Autumn in the Carfax
In Britain, autumn has its own traditions: the reappearance of youngsters wearing school uniforms, the sudden overcrowding of the 7AM bus with sleepy teenagers on their way to one of the institutions of higher education in the Brighton area and the unwelcome availability of Christmas cards in every store from ASDA to Dixons. The most enduring, however, is Conkers.
Conkers is a game children play in school involving horse chestnuts on a string and the subsequent banging of them together. It is, I suppose, something you have to grow up with to understand. My wife tells me that, in her day, this game was accompanied by hopscotch, jump rope and marbles as children returned to school and assembled in the play grounds. In my day, we had jump rope and hopscotch, too, but I think all of those games, on both sides of the Atlantic, have fallen by the wayside, replaced by Xboxes, DS3s and iPods. Only Conkers, it seems, remain, and I have to wonder why that is. Is it because of it being so deeply ingrained in the British way of life? Or is it because Health and Safety keeps trying to ban it, and the surest way to get kids to do anything is to tell them they can’t.

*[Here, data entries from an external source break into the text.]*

text \<open>Only-if direction: at a boundary point q the weights w_k = \<alpha>_k c_k, built
  from the dual weights \<alpha> and the supporting slopes c_k of \<open>ln \<circ> \<phi>\<inverse>\<close> at q_k,
  make q a maximiser of w \<bullet> x over the feasible region.\<close>
theorem boundary_point_weighted_maximiser:
  fixes \<phi> :: "real \<Rightarrow> real"
    and C :: "real^'k^'n" and phat :: "real^'n"
    and V :: "real^'k^'k" and z \<gamma> q :: "real^'k"
  assumes C_nonneg: "\<forall>i j. C$i$j \<ge> 0"
    and phat_pos: "\<forall>i. phat$i > 0"
    and V_nonneg: "\<forall>k l. V$k$l \<ge> 0"
    and V_irr: "irreducible_matrix V"
    and z_pos: "\<forall>k. z$k > 0"
    and \<gamma>_pos: "\<forall>k. \<gamma>$k > 0"
    and sm: "strict_mono_on {0<..} \<phi>"
    and A3: "A3 \<phi>"
    and qB: "q \<in> feasible_boundary \<phi> C phat V z \<gamma>"
  shows "\<exists>w :: real^'k. (\<forall>k. w$k > 0) \<and>
            (\<forall>x \<in> feasible_region \<phi> C phat V z \<gamma>. w \<bullet> x \<le> w \<bullet> q)"
proof -
  obtain p0 n0 where p0P: "p0 \<in> Pplus C phat" and qd: "q = qos \<phi> V z \<gamma> p0"
    and tight: "(C *v p0)$n0 = phat$n0"
    using qB unfolding feasible_boundary_def by blast
  have p0pos: "\<forall>k. p0$k > 0" using p0P by (simp add: Pplus_def)
  obtain \<alpha> where \<alpha>_pos: "\<forall>j. \<alpha> j > 0"
    and \<alpha>_eq: "\<forall>j. \<alpha> j - (\<Sum>k\<in>UNIV. \<alpha> k * interference_share V z p0 k j) = C$n0$j * p0$j"
    using tight_constraint_dual_weights[OF C_nonneg _ V_nonneg V_irr z_pos p0pos tight] phat_pos
    by blast
  define s where "s k = SIR V z k p0 / \<gamma>$k" for k
  have s_pos: "s k > 0" for k unfolding s_def using SIR_pos[OF V_nonneg p0pos z_pos] \<gamma>_pos by simp
  obtain c where c_pos: "\<forall>k. c k > 0"
    and c_slope: "\<forall>k. \<forall>t>0. c k * (\<phi> t - \<phi> (s k)) \<le> ln t - ln (s k)"
    using A3_positive_support_slope[OF sm A3 s_pos] by metis
  define w :: "real^'k" where "w = (\<chi> k. \<alpha> k * c k)"
  have "w \<bullet> x \<le> w \<bullet> q" if xF: "x \<in> feasible_region \<phi> C phat V z \<gamma>" for x
  proof -
    obtain p' where p'P: "p' \<in> Pplus C phat" and xd: "x = qos \<phi> V z \<gamma> p'"
      using xF unfolding feasible_region_def by blast
    have p'pos: "\<forall>k. p'$k > 0" and p'c: "(C *v p')$n0 \<le> phat$n0" using p'P by (auto simp: Pplus_def)
    have slope: "c k * (x$k - q$k) \<le> ln (SIR V z k p') - ln (SIR V z k p0)" for k
    proof -
      have "SIR V z k p' / \<gamma>$k > 0" using SIR_pos[OF V_nonneg p'pos z_pos] \<gamma>_pos by simp
      hence "c k * (x$k - q$k) \<le> ln (SIR V z k p' / \<gamma>$k) - ln (s k)"
        using c_slope unfolding xd qd qos_def s_def by simp
      thus ?thesis unfolding s_def using SIR_pos[OF V_nonneg p'pos z_pos, of k]
          SIR_pos[OF V_nonneg p0pos z_pos, of k] \<gamma>_pos by (simp add: ln_divide_pos)
    qed
    have "w \<bullet> x - w \<bullet> q = (\<Sum>k\<in>UNIV. \<alpha> k * (c k * (x$k - q$k)))"
      unfolding inner_vec_def w_def by (simp add: sum_subtractf[symmetric] algebra_simps)
    also have "\<dots> \<le> (\<Sum>k\<in>UNIV. \<alpha> k * (ln (SIR V z k p') - ln (SIR V z k p0)))"
      using \<alpha>_pos by (intro sum_mono mult_left_mono slope) (simp add: less_imp_le)
    also have "\<dots> \<le> 0"
      using \<alpha>_pos \<alpha>_eq
      by (intro weighted_ln_SIR_change_nonpos[OF C_nonneg V_nonneg z_pos p0pos p'pos tight p'c])
        (auto intro: less_imp_le)
    finally show ?thesis by simp
  qed
  moreover have "\<forall>k. w$k > 0" unfolding w_def using \<alpha>_pos c_pos by simp
  ultimately show ?thesis by blast
qed


theorem lemma1:
  fixes \<phi> :: "real \<Rightarrow> real"
    and C :: "real^'k^'n" and phat :: "real^'n"
    and V :: "real^'k^'k" and z \<gamma> q :: "real^'k"
  assumes K2: "CARD('k) \<ge> 2"
    and C01: "\<forall>i j. C$i$j = 0 \<or> C$i$j = 1"
    and Ccol: "\<forall>j. \<exists>i. C$i$j = 1"
    and phat_pos: "\<forall>i. phat$i > 0"
    and V_nonneg: "\<forall>k l. V$k$l \<ge> 0"
    and V_diag: "\<forall>k. V$k$k = 0"
    and V_irr: "irreducible_matrix V"
    and z_pos: "\<forall>k. z$k > 0"
    and \<gamma>_pos: "\<forall>k. \<gamma>$k > 0"
    and A2: "A2 \<phi>"
    and A3: "A3 \<phi>"
    and qF: "q \<in> feasible_region \<phi> C phat V z \<gamma>"
  shows "q \<in> feasible_boundary \<phi> C phat V z \<gamma> \<longleftrightarrow>
         (\<exists>w :: real^'k. (\<forall>k. w$k > 0) \<and>
            (\<forall>x \<in> feasible_region \<phi> C phat V z \<gamma>. w \<bullet> x \<le> w \<bullet> q))"
proof
  have C_nonneg: "\<forall>i j. C$i$j \<ge> 0" using C01 by (metis order_refl zero_le_one)
  have sm: "strict_mono_on {0<..} \<phi>" using A2 unfolding A2_def by blast
  show "\<exists>w :: real^'k. (\<forall>k. w$k > 0) \<and> (\<forall>x \<in> feasible_region \<phi> C phat V z \<gamma>. w \<bullet> x \<le> w \<bullet> q)"
    if "q \<in> feasible_boundary \<phi> C phat V z \<gamma>"
    using boundary_point_weighted_maximiser[OF C_nonneg phat_pos V_nonneg V_irr z_pos \<gamma>_pos sm A3 that] .
  obtain p where "p \<in> Pplus C phat" "q = qos \<phi> V z \<gamma> p"
    using qF unfolding feasible_region_def by blast
  then show "q \<in> feasible_boundary \<phi> C phat V z \<gamma>"
    if "\<exists>w :: real^'k. (\<forall>k. w$k > 0) \<and> (\<forall>x \<in> feasible_region \<phi> C phat V z \<gamma>. w \<bullet> x \<le> w \<bullet> q)"
    using that weighted_maximiser_on_boundary[OF C_nonneg V_nonneg z_pos \<gamma>_pos sm] by blast
qed

end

British school boys playing Conkers
Whatever the reason, Conkers, for the time being, at least, continues to remain an integral part of a British childhood. This pleases me because, in my mind, Conkers has been woven into the fabric of the yearly cycled, and it serves as a signal, telling me when to start longing for cider, cinnamon-apple donuts, and The Tatter Digger.
As autumn traditions go, you will have to look hard to come up with one more esoteric than Tatter Digger Fights, but these were an important—and much looked forward to—part of my childhood. Every autumn, the potato fields around our house were harvested by a gigantic, screeching, squealing and fearsome looking contraption called a Tatter Digger, and when it was left resting in the fields over night, it became our playground. What we did was divide into two teams, with one holding the Tatter Digger like a fort, and the other dispersed into the dark field to plan and plot and launch attacks.
We used potatoes for weapons, as they are not as hard as rocks but still let you know when you’ve been hit. Also, there were a lot of them lying about; the belts and conveyers and bins of the Tatter Digger were filled with them, and the field team had no problem gathering up an arsenal, even in the dark. What The Tatter Digger Fight amounted to was a huge game of King of the Hill fought with potatoes and the prize being possession of the awesome machine. Because of its seasonal nature, we played every night we could and stayed out until our moms called us in for bath time.
A Tatter Digger. And, you, those guys is farmers.
So I suppose, if it is my childhood I hear calling to me over the long years, perhaps I can recapture its essence by finding a potato field and sitting in the middle of it some evening. Silly, yes; but I’ll have a better chance of achieving that than of getting a cup of real cider and a cinnamon-apple donut.